▶ **Records to process**:
lemma pure_fa_add:
  assumes pure1: "pure_fa M \<mu>1" and pure2: "pure_fa M \<mu>2"
  shows "pure_fa M (\<lambda>E. \<mu>1 E + \<mu>2 E)"
proof (rule pure_faI)
  have \<mu>1: "pos_fa_measure M \<mu>1" and \<mu>2: "pos_fa_measure M \<mu>2"
    using pure1 pure2 by (simp_all add: pure_fa_imp_pos_fa_measure)
  then show "pos_fa_measure M (\<lambda>E. \<mu>1 E + \<mu>2 E)"
    by (rule pos_fa_measure_add)
  fix \<nu> A
  assume \<nu>: "pos_fa_measure M \<nu>" and ca: "ca_on M \<nu>"
    and le: "\<forall>E\<in>sets M. \<nu> E \<le> \<mu>1 E + \<mu>2 E" and A: "A \<in> sets M"
  have inf: "pos_fa_measure M (fa_inf M \<nu> \<mu>1)"
    using \<nu> \<mu>1 by (rule pos_fa_measure_fa_inf)
  \<comment> \<open>The part of \<open>\<nu>\<close> below \<open>\<mu>1\<close> is countably additive, so it vanishes.\<close>
  have "ca_on M (fa_inf M \<nu> \<mu>1)"
    by (rule ca_on_dominated[OF inf _ ca])
      (use \<nu> fa_inf_le_left[OF \<nu> \<mu>1] in \<open>auto simp: pos_fa_measure_def\<close>)
  then have "\<forall>E\<in>sets M. fa_inf M \<nu> \<mu>1 E = 0"
    using fa_inf_le_right[OF \<nu> \<mu>1] by (auto intro: pure_faD[OF pure1 inf])
  then have "\<forall>E\<in>sets M. \<nu> E \<le> \<mu>2 E"
    using le_if_fa_inf_eq_zero[OF \<nu> \<mu>1 \<mu>2 le] by blast
  then show "\<nu> A = 0"
    by (rule pure_faD[OF pure2 \<nu> ca _ A])
qed

lemma pure_fa_sum:
  fixes n :: nat
  assumes "\<forall>k\<in>{1..n}. pure_fa M (\<mu> k)"
  shows "pure_fa M (\<lambda>E. \<Sum>k=1..n. \<mu> k E)"
  using assms
proof (induction n)
  case 0
  then show ?case
    using pure_fa_zero by simp
next
  case (Suc n)
  then have "pure_fa M (\<lambda>E. (\<Sum>k=1..n. \<mu> k E) + \<mu> (Suc n) E)"
    by (auto intro!: pure_fa_add[of M _ "\<mu> (Suc n)"])
  then show ?case
    by simp
qed

section \<open>Lower Darboux sums\<close>

definition finite_partitions :: "'a measure \<Rightarrow> 'a set set set" where
  "finite_partitions M = {P. finite P \<and> P \<subseteq> sets M \<and> disjoint P \<and> \<Union>P = space M}"

definition lower_sum :: "('a set \<Rightarrow> real) \<Rightarrow> ('a \<Rightarrow> real) \<Rightarrow> 'a set set \<Rightarrow> real" where
  "lower_sum \<mu> f P = (\<Sum>B\<in>P. (INF x\<in>B. f x) * \<mu> B)"

lemma fa_integral_eq_SUP_lower_sum:
  "fa_integral M \<mu> f = (SUP P\<in>finite_partitions M. lower_sum \<mu> f P)"
  by (simp add: fa_integral_def finite_partitions_def lower_sum_def)

lemma space_in_finite_partitions: "{space M} \<in> finite_partitions M"
  by (simp add: finite_partitions_def)

lemma finite_partitionsD:
  assumes "P \<in> finite_partitions M"
  shows "finite P" "P \<subseteq> sets M" "disjoint P" "\<Union>P = space M"
  using assms by (simp_all add: finite_partitions_def)

lemma INF_in_unit_interval:
  assumes "B \<noteq> {}" "B \<subseteq> space M" "\<forall>x\<in>space M. 0 \<le> f x \<and> f x \<le> (1::real)"
  shows "0 \<le> (INF x\<in>B. f x)" "(INF x\<in>B. f x) \<le> 1"
proof -
  show "0 \<le> (INF x\<in>B. f x)"
    using assms by (intro cINF_greatest) auto
  obtain y where y: "y \<in> B"
    using assms(1) by blast
  have "bdd_below (f ` B)"
    using assms(2,3) by (intro bdd_belowI[where m=0]) auto
  then have "(INF x\<in>B. f x) \<le> f y"
    using y by (rule cINF_lower)
  then show "(INF x\<in>B. f x) \<le> 1"
    using y assms(2,3) by force
qed

text \<open>Empty blocks are harmless: the infimum over \<open>{}\<close> is a junk value, but it is multiplied by \<open>\<mu> {} = 0\<close>.\<close>

lemma lower_sum_mono_measure:
  assumes \<nu>: "pos_fa_measure M \<nu>" and \<mu>: "pos_fa_measure M \<mu>" and le: "\<forall>A\<in>sets M. \<nu> A \<le> \<mu> A"
    and f: "\<forall>x\<in>space M. 0 \<le> f x \<and> f x \<le> (1::real)" and P: "P \<in> finite_partitions M"
  shows "lower_sum \<nu> f P \<le> lower_sum \<mu> f P"
  unfolding lower_sum_def
proof (rule sum_mono)
  fix B assume "B \<in> P"
  then have B: "B \<in> sets M" "B \<subseteq> space M"
    using finite_partitionsD(2)[OF P] sets.sets_into_space by auto
  show "(INF x\<in>B. f x) * \<nu> B \<le> (INF x\<in>B. f x) * \<mu> B"
  proof (cases "B = {}")
    case True
    then show ?thesis
      using pos_fa_measure_empty[OF \<nu>] pos_fa_measure_empty[OF \<mu>] by simp
  next
    case False
    then show ?thesis
      using INF_in_unit_interval(1)[OF False B(2) f] le B(1) by (simp add: mult_left_mono)
  qed
qed

lemma lower_sum_le_measure_space:
  assumes \<mu>: "pos_fa_measure M \<mu>"
    and f: "\<forall>x\<in>space M. 0 \<le> f x \<and> f x \<le> (1::real)" and P: "P \<in> finite_partitions M"
  shows "lower_sum \<mu> f P \<le> \<mu> (space M)"
proof -
  have "(INF x\<in>B. f x) * \<mu> B \<le> \<mu> B" if "B \<in> P" for B
  proof (cases "B = {}")
    case True
    then show ?thesis
      using pos_fa_measure_empty[OF \<mu>] by simp
  next
    case False
    have "B \<in> sets M" "B \<subseteq> space M"
      using that finite_partitionsD(2)[OF P] sets.sets_into_space by auto
    then show ?thesis
      using INF_in_unit_interval[OF False _ f] \<mu> by (simp add: pos_fa_measure_def mult_left_le_one_le)
  qed
  then have "lower_sum \<mu> f P \<le> sum \<mu> P"
    unfolding lower_sum_def by (rule sum_mono)
  also have "\<dots> = \<mu> (space M)"
    using \<mu> fa_measure_Union[of M \<mu> P] finite_partitionsD[OF P] by (simp add: pos_fa_measure_def)
  finally show ?thesis .
qed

▶ **The problem**:
Take from the material every line that holds "real".

▶ **Answer section**:
definition lower_sum :: "('a set \<Rightarrow> real) \<Rightarrow> ('a \<Rightarrow> real) \<Rightarrow> 'a set set \<Rightarrow> real" where
  assumes "B \<noteq> {}" "B \<subseteq> space M" "\<forall>x\<in>space M. 0 \<le> f x \<and> f x \<le> (1::real)"
    and f: "\<forall>x\<in>space M. 0 \<le> f x \<and> f x \<le> (1::real)" and P: "P \<in> finite_partitions M"
    and f: "\<forall>x\<in>space M. 0 \<le> f x \<and> f x \<le> (1::real)" and P: "P \<in> finite_partitions M"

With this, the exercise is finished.